### INFORMATION SUPPLIED
lemma absorbing_disk_symmetric_shift:
  assumes "convex B" and "a \<in> algebraic_core B"
  shows "absorbing_disk (symmetric_shift B a)"
proof
  show "convex (symmetric_shift B a)"
  proof (rule convexI)
    fix x y and u v :: real
    assume "x \<in> symmetric_shift B a" "y \<in> symmetric_shift B a" "0 \<le> u" "0 \<le> v" "u + v = 1"
    moreover have "u *\<^sub>R (a + x) + v *\<^sub>R (a + y) = a + (u *\<^sub>R x + v *\<^sub>R y)"
      and "u *\<^sub>R (a - x) + v *\<^sub>R (a - y) = a - (u *\<^sub>R x + v *\<^sub>R y)"
      using \<open>u + v = 1\<close> by (simp_all add: algebra_simps flip: scaleR_add_left)
    ultimately show "u *\<^sub>R x + v *\<^sub>R y \<in> symmetric_shift B a"
      using convexD[OF assms(1)] unfolding symmetric_shift_def by (metis mem_Collect_eq)
  qed
next
  show "- x \<in> symmetric_shift B a" if "x \<in> symmetric_shift B a" for x
    using that by (simp add: symmetric_shift_def)
next
  fix x
  obtain \<delta>1 where "\<delta>1 > 0" and \<delta>1: "\<And>t. 0 \<le> t \<Longrightarrow> t \<le> \<delta>1 \<Longrightarrow> a + t *\<^sub>R x \<in> B"
    using assms(2) unfolding algebraic_core_def by blast
  obtain \<delta>2 where "\<delta>2 > 0" and \<delta>2: "\<And>t. 0 \<le> t \<Longrightarrow> t \<le> \<delta>2 \<Longrightarrow> a + t *\<^sub>R (- x) \<in> B"
    using assms(2) unfolding algebraic_core_def by blast
  have "min \<delta>1 \<delta>2 *\<^sub>R x \<in> symmetric_shift B a"
    using \<delta>1[of "min \<delta>1 \<delta>2"] \<delta>2[of "min \<delta>1 \<delta>2"] \<open>\<delta>1 > 0\<close> \<open>\<delta>2 > 0\<close>
    by (simp add: symmetric_shift_def)
  then show "\<exists>\<delta>>0. \<delta> *\<^sub>R x \<in> symmetric_shift B a"
    using \<open>\<delta>1 > 0\<close> \<open>\<delta>2 > 0\<close> by (intro exI[of _ "min \<delta>1 \<delta>2"]) simp
qed

lemma seminorm_ball_subset_symmetric_shift:
  assumes "\<forall>\<rho>\<in>P. ext_seminorm \<rho>" and "openin (seminorm_topology P) B" and "a \<in> B"
  obtains J \<delta> where "finite J" "J \<subseteq> P" "0 < \<delta>" "seminorm_ball J 0 \<delta> \<subseteq> symmetric_shift B a"
proof -
  obtain J \<delta> where J: "finite J" "J \<subseteq> P" "0 < \<delta>" "seminorm_ball J a \<delta> \<subseteq> B"
    using assms(2,3) by (rule openin_seminorm_topologyE)
  have "seminorm_ball J 0 \<delta> \<subseteq> symmetric_shift B a"
  proof
    fix x assume x: "x \<in> seminorm_ball J 0 \<delta>"
    then have "a + x \<in> seminorm_ball J a \<delta>" and "a - x \<in> seminorm_ball J a \<delta>"
      using J(2) assms(1) by (auto simp: seminorm_ball_def ext_seminorm_minus)
    with J(4) show "x \<in> symmetric_shift B a"
      by (auto simp: symmetric_shift_def)
  qed
  with J that show ?thesis
    by blast
qed

lemma eventually_ext_seminorm_scaleR_less:
  assumes "ext_seminorm \<rho>" and "\<rho> x < \<infinity>" and "0 < \<epsilon>"
  shows "\<forall>\<^sub>F t in nhds 0. \<rho> (t *\<^sub>R x) < ennreal \<epsilon>"
proof -
  have "((\<lambda>t. \<rho> x * ennreal \<bar>t\<bar>) \<longlongrightarrow> \<rho> x * ennreal \<bar>0\<bar>) (nhds 0)"
    using assms(2) by (intro ennreal_tendsto_cmult tendsto_intros filterlim_ident) auto
  then have "\<forall>\<^sub>F t in nhds 0. \<rho> x * ennreal \<bar>t\<bar> < ennreal \<epsilon>"
    using assms(3) by (intro order_tendstoD(2)) auto
  then show ?thesis
    using assms(1) by (simp add: ext_seminorm_scaleR mult.commute)
qed

lemma subset_algebraic_core_if_openin:
  assumes "\<forall>\<rho>\<in>P. ext_seminorm \<rho> \<and> (\<forall>x. \<rho> x < \<infinity>)" and "openin (seminorm_topology P) B"
  shows "B \<subseteq> algebraic_core B"
proof
  fix a assume "a \<in> B"
  with assms(2) obtain J \<epsilon> where J: "finite J" "J \<subseteq> P" "0 < \<epsilon>" "seminorm_ball J a \<epsilon> \<subseteq> B"
    by (rule openin_seminorm_topologyE)
  have "\<exists>\<delta>>0. \<forall>t. 0 \<le> t \<and> t \<le> \<delta> \<longrightarrow> a + t *\<^sub>R x \<in> B" for x
  proof -
    have "\<forall>\<^sub>F t in nhds 0. \<forall>\<rho>\<in>J. \<rho> (t *\<^sub>R x) < ennreal \<epsilon>"
      using J(1-3) assms(1) by (intro eventually_ball_finite ballI eventually_ext_seminorm_scaleR_less) auto
    then obtain d where "0 < d" and d: "\<And>t. dist t 0 < d \<Longrightarrow> \<forall>\<rho>\<in>J. \<rho> (t *\<^sub>R x) < ennreal \<epsilon>"
      unfolding eventually_nhds_metric by blast
    have "a + t *\<^sub>R x \<in> B" if "0 \<le> t" "t \<le> d / 2" for t
      using d[of t] that \<open>0 < d\<close> J(4) by (auto simp: seminorm_ball_def)
    with \<open>0 < d\<close> show ?thesis
      by (intro exI[of _ "d / 2"]) auto
  qed
  then show "a \<in> algebraic_core B"
    by (simp add: algebraic_core_def)
qed

lemma algebraic_core_subset: "algebraic_core B \<subseteq> B"
  unfolding algebraic_core_def by (force intro: less_imp_le)

lemma openin_finest_lc_topology_if_subset_algebraic_core:
  assumes P: "\<forall>\<rho>\<in>P. ext_seminorm \<rho>" and finest: "finest_lc_topology (seminorm_topology P) \<tau>F"
    and "convex B" and core: "B \<subseteq> algebraic_core B" and open_B: "openin (seminorm_topology P) B"
  shows "openin \<tau>F B"
proof -
  define q where "q a = (\<lambda>x. ennreal (minkowski_functional (symmetric_shift B a) x))" for a
  have disk: "absorbing_disk (symmetric_shift B a)" if "a \<in> B" for a
    using absorbing_disk_symmetric_shift[OF \<open>convex B\<close>] core that by blast
  have "locally_convex (seminorm_topology (q ` B))"
    unfolding locally_convex_def
    by (intro exI[of _ "q ` B"]) (auto simp: q_def absorbing_disk.ext_seminorm_minkowski[OF disk])
  moreover have "coarser (seminorm_topology (q ` B)) (seminorm_topology P)"
  proof (rule coarser_seminorm_topologyI, safe)
    fix a assume "a \<in> B"
    then obtain J \<delta> where "finite J" "J \<subseteq> P" "0 < \<delta>" "seminorm_ball J 0 \<delta> \<subseteq> symmetric_shift B a"
      by (rule seminorm_ball_subset_symmetric_shift[OF P open_B])
    with P show "seminorm_continuous_at_0 P (q a)"
      unfolding q_def by (intro absorbing_disk.seminorm_continuous_at_0_minkowski[OF disk[OF \<open>a \<in> B\<close>]]) auto
  qed
  ultimately have "coarser (seminorm_topology (q ` B)) \<tau>F"
    using finest unfolding finest_lc_topology_def by blast
  moreover have "openin (seminorm_topology (q ` B)) B"
    unfolding openin_seminorm_topology
  proof
    fix a assume "a \<in> B"
    have "x \<in> B" if "x \<in> seminorm_ball {q a} a 1" for x
      using absorbing_disk.mem_if_minkowski_less_1[OF disk[OF \<open>a \<in> B\<close>], of "x - a"] that
      by (simp add: seminorm_ball_def q_def symmetric_shift_def ennreal_less_iff
          absorbing_disk.minkowski_nonneg[OF disk[OF \<open>a \<in> B\<close>]])
    with \<open>a \<in> B\<close> show "\<exists>J \<epsilon>. finite J \<and> J \<subseteq> q ` B \<and> 0 < \<epsilon> \<and> seminorm_ball J a \<epsilon> \<subseteq> B"
      by (intro exI[of _ "{q a}"] exI[of _ 1]) auto
  qed
  ultimately show ?thesis
    unfolding coarser_def by blast
qed

theorem theorem3p14:
  fixes \<tau> \<tau>F :: "'a::real_vector topology" and A :: "'a set"
  assumes "ext_locally_convex \<tau>" and "Hausdorff_space \<tau>"
    and "finest_lc_topology \<tau> \<tau>F"
    and "convex A" and "convex (- A)"
  shows "(algebraic_core (- A) = - A \<and> closedin \<tau> A) \<longleftrightarrow> closedin \<tau>F A"
proof -
  obtain P where P: "\<forall>\<rho>\<in>P. ext_seminorm \<rho>" and \<tau>: "\<tau> = seminorm_topology P"
    using assms(1) unfolding ext_locally_convex_def by blast
  obtain PF where PF: "\<forall>\<rho>\<in>PF. ext_seminorm \<rho> \<and> (\<forall>x. \<rho> x < \<infinity>)" and \<tau>F: "\<tau>F = seminorm_topology PF"
    using assms(3) unfolding finest_lc_topology_def locally_convex_def by blast
  have "openin \<tau> (- A)" if "openin \<tau>F (- A)"
    using assms(3) that unfolding finest_lc_topology_def coarser_def by blast
  moreover have "openin \<tau>F (- A)" if "- A \<subseteq> algebraic_core (- A)" and "openin \<tau> (- A)"
    using openin_finest_lc_topology_if_subset_algebraic_core[OF P _ assms(5)] assms(3) that \<tau> by blast
  moreover have "- A \<subseteq> algebraic_core (- A)" if "openin \<tau>F (- A)"
    using subset_algebraic_core_if_openin[OF PF] that \<tau>F by blast
  ultimately show ?thesis
    using algebraic_core_subset[of "- A"] unfolding \<tau> \<tau>F closedin_seminorm_topology by blast
qed

end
######
◆ YOUR GOAL
Keep only the lines from the line with "unfolding coarser_def by blast" to the end of the records above, and repeat them exactly.

◆ WRITTEN ANSWER
    unfolding coarser_def by blast
qed

theorem theorem3p14:
  fixes \<tau> \<tau>F :: "'a::real_vector topology" and A :: "'a set"
  assumes "ext_locally_convex \<tau>" and "Hausdorff_space \<tau>"
    and "finest_lc_topology \<tau> \<tau>F"
    and "convex A" and "convex (- A)"
  shows "(algebraic_core (- A) = - A \<and> closedin \<tau> A) \<longleftrightarrow> closedin \<tau>F A"
proof -
  obtain P where P: "\<forall>\<rho>\<in>P. ext_seminorm \<rho>" and \<tau>: "\<tau> = seminorm_topology P"
    using assms(1) unfolding ext_locally_convex_def by blast
  obtain PF where PF: "\<forall>\<rho>\<in>PF. ext_seminorm \<rho> \<and> (\<forall>x. \<rho> x < \<infinity>)" and \<tau>F: "\<tau>F = seminorm_topology PF"
    using assms(3) unfolding finest_lc_topology_def locally_convex_def by blast
  have "openin \<tau> (- A)" if "openin \<tau>F (- A)"
    using assms(3) that unfolding finest_lc_topology_def coarser_def by blast
  moreover have "openin \<tau>F (- A)" if "- A \<subseteq> algebraic_core (- A)" and "openin \<tau> (- A)"
    using openin_finest_lc_topology_if_subset_algebraic_core[OF P _ assms(5)] assms(3) that \<tau> by blast
  moreover have "- A \<subseteq> algebraic_core (- A)" if "openin \<tau>F (- A)"
    using subset_algebraic_core_if_openin[OF PF] that \<tau>F by blast
  ultimately show ?thesis
    using algebraic_core_subset[of "- A"] unfolding \<tau> \<tau>F closedin_seminorm_topology by blast
qed

end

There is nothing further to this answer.